section \<open>Subgroups of sign patterns\<close>

definition agree :: "('a \<Rightarrow> bool) \<Rightarrow> ('a \<Rightarrow> bool) \<Rightarrow> 'a \<Rightarrow> bool" where
  "agree s t = (\<lambda>x. s x = t x)"

lemma agree_cancel_right [simp]: "agree (agree s t) t = s"
  by (auto simp: agree_def)

definition agree_closed :: "('a \<Rightarrow> bool) set \<Rightarrow> bool" where
  "agree_closed H \<longleftrightarrow> (\<forall>s\<in>H. \<forall>t\<in>H. agree s t \<in> H)"

text \<open>Reading \<open>True\<close> as \<open>+1\<close>, \<open>agree\<close> is pointwise multiplication of signs, and a
  nonempty agreement-closed set is a subgroup.\<close>

lemma card_mult_card_eq_agree_image:
  assumes "finite H" "finite K" "agree_closed H" "agree_closed K"
  shows "card H * card K = card (H \<inter> K) * card ((\<lambda>(s, t). agree s t) ` (H \<times> K))"
proof -
  let ?m = "\<lambda>(s, t). agree s t"
  have "card H * card K = card (H \<times> K)" by (simp add: card_cartesian_product)
  also have "\<dots> = (\<Sum>r\<in>?m ` (H \<times> K). card {p\<in>H \<times> K. ?m p = r})"
    using sum.image_gen[of "H \<times> K" "\<lambda>_. 1 :: nat" ?m] assms(1,2) by simp
  also have "\<dots> = (\<Sum>r\<in>?m ` (H \<times> K). card (H \<inter> K))"
  proof (rule sum.cong[OF refl])
    fix r assume "r \<in> ?m ` (H \<times> K)"
    then obtain s0 t0 where s0: "s0 \<in> H" and t0: "t0 \<in> K" and r: "r = agree s0 t0" by auto
    \<comment> \<open>the fibre over \<open>r\<close> is the coset \<open>{(u s0, u t0) | u \<in> H \<inter> K}\<close>\<close>
    have "bij_betw (\<lambda>u. (agree u s0, agree u t0)) (H \<inter> K) {p\<in>H \<times> K. ?m p = r}"
    proof (rule bij_betw_byWitness[where f' = "\<lambda>(s, t). agree s s0"])
      show "\<forall>u\<in>H \<inter> K. (\<lambda>(s, t). agree s s0) (agree u s0, agree u t0) = u"
        by simp
      show "\<forall>p\<in>{p\<in>H \<times> K. ?m p = r}. (agree ((\<lambda>(s, t). agree s s0) p) s0, agree ((\<lambda>(s, t). agree s s0) p) t0) = p"
        using r by (auto simp: agree_def fun_eq_iff)
      show "(\<lambda>u. (agree u s0, agree u t0)) ` (H \<inter> K) \<subseteq> {p\<in>H \<times> K. ?m p = r}"
        using assms(3,4) s0 t0 r by (auto simp: agree_closed_def agree_def fun_eq_iff)
      show "(\<lambda>(s, t). agree s s0) ` {p\<in>H \<times> K. ?m p = r} \<subseteq> H \<inter> K"
      proof
        fix u assume "u \<in> (\<lambda>(s, t). agree s s0) ` {p\<in>H \<times> K. ?m p = r}"
        then obtain s t where st: "s \<in> H" "t \<in> K" "agree s t = r" and u: "u = agree s s0"
          by auto
        have "u = agree t t0" using r st(3) u by (auto simp: agree_def fun_eq_iff)
        moreover have "agree s s0 \<in> H" "agree t t0 \<in> K"
          using assms(3,4) st s0 t0 unfolding agree_closed_def by blast+
        ultimately show "u \<in> H \<inter> K" using u by simp
      qed
    qed
    then show "card {p\<in>H \<times> K. ?m p = r} = card (H \<inter> K)" by (simp add: bij_betw_same_card)
  qed
  also have "\<dots> = card (H \<inter> K) * card (?m ` (H \<times> K))" by simp
  finally show ?thesis .
qed

lemma card_mult_card_le_agree:
  assumes "finite H" "finite K" "agree_closed H" "agree_closed K"
    and "finite L" "\<And>s t. s \<in> H \<Longrightarrow> t \<in> K \<Longrightarrow> agree s t \<in> L"
  shows "card H * card K \<le> card (H \<inter> K) * card L"
proof -
  have "card ((\<lambda>(s, t). agree s t) ` (H \<times> K)) \<le> card L"
    using assms(5,6) by (intro card_mono) auto
  then show ?thesis
    using card_mult_card_eq_agree_image[OF assms(1-4)] by (simp add: mult_le_mono2)
qed

section \<open>Faces enclosed by a simple cycle\<close>

lemma even_card_cyclic_changes:
  fixes xs :: "'a list" and P :: "'a \<Rightarrow> bool"
  shows "even (card {k. k < length xs \<and> P (xs ! k) \<noteq> P (xs ! ((k + 1) mod length xs))})"
proof (cases "length xs")
  case 0
  then show ?thesis by simp
next
  case (Suc n)
  define q where "q k = (if P (xs ! k) then 1 else 0 :: nat)" for k
  let ?C = "{k. k < Suc n \<and> P (xs ! k) \<noteq> P (xs ! ((k + 1) mod Suc n))}"
  have "(\<Sum>k<Suc n. q ((k + 1) mod Suc n)) = (\<Sum>k<n. q (Suc k)) + q 0"
    by (simp add: sum.lessThan_Suc)
  also have "\<dots> = (\<Sum>k<Suc n. q k)"
    by (simp only: sum.lessThan_Suc_shift add.commute)
  finally have rotate: "(\<Sum>k<Suc n. q ((k + 1) mod Suc n)) = (\<Sum>k<Suc n. q k)" .
  have "2 * (\<Sum>k<Suc n. q k) = (\<Sum>k<Suc n. q k + q ((k + 1) mod Suc n))"
    using rotate by (simp add: sum.distrib)
  \<comment> \<open>\<open>q k + q (k + 1)\<close> is odd exactly at a change\<close>
  also have "\<dots> = (\<Sum>k<Suc n. of_bool (k \<in> ?C) + 2 * (q k * q ((k + 1) mod Suc n)))"
    by (intro sum.cong) (auto simp: q_def)
  also have "\<dots> = (\<Sum>k<Suc n. of_bool (k \<in> ?C)) + 2 * (\<Sum>k<Suc n. q k * q ((k + 1) mod Suc n))"
    by (simp only: sum.distrib sum_distrib_left)
  also have "(\<Sum>k<Suc n. of_bool (k \<in> ?C)) = card ({..<Suc n} \<inter> {k. k \<in> ?C})"
    by (subst sum_of_bool_eq) (simp_all only: finite_lessThan of_nat_id)
  also have "{..<Suc n} \<inter> {k. k \<in> ?C} = ?C" by auto
  finally have "2 * (\<Sum>k<Suc n. q k) = card ?C + 2 * (\<Sum>k<Suc n. q k * q ((k + 1) mod Suc n))" .
  then have "card ?C = 2 * ((\<Sum>k<Suc n. q k) - (\<Sum>k<Suc n. q k * q ((k + 1) mod Suc n)))"
    by arith
  then show ?thesis
    unfolding Suc by simp
qed

definition cycle_succ :: "vertex list \<Rightarrow> nat \<Rightarrow> vertex" where
  "cycle_succ cs k = cs ! ((k + 1) mod length cs)"

definition cycle_edges :: "vertex list \<Rightarrow> vertex set set" where
  "cycle_edges cs = {{cs ! k, cycle_succ cs k} | k. k < length cs}"

definition ray_crossings :: "vertex list \<Rightarrow> int \<Rightarrow> int \<Rightarrow> int set" where
  "ray_crossings cs i j = {a. a \<ge> i \<and> cycle_edge cs (a, j - 1) (a, j)}"

lemma cycle_edge_iff: "cycle_edge cs v w \<longleftrightarrow> {v, w} \<in> cycle_edges cs"
  unfolding cycle_edge_def cycle_edges_def cycle_succ_def by (auto simp: eq_commute)

lemma cycle_edges_subset: "e \<in> cycle_edges cs \<Longrightarrow> e \<subseteq> set cs"
  by (auto simp: cycle_edges_def cycle_succ_def intro!: nth_mem mod_less_divisor)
——————————
■ **What this task involves**: Exactly as they appear above, output the lines of the data from the first through the one that contains "bool) set \<Rightarrow>", and only those lines.

■ **The answer**:
section \<open>Subgroups of sign patterns\<close>

definition agree :: "('a \<Rightarrow> bool) \<Rightarrow> ('a \<Rightarrow> bool) \<Rightarrow> 'a \<Rightarrow> bool" where
  "agree s t = (\<lambda>x. s x = t x)"

lemma agree_cancel_right [simp]: "agree (agree s t) t = s"
  by (auto simp: agree_def)

definition agree_closed :: "('a \<Rightarrow> bool) set \<Rightarrow> bool" where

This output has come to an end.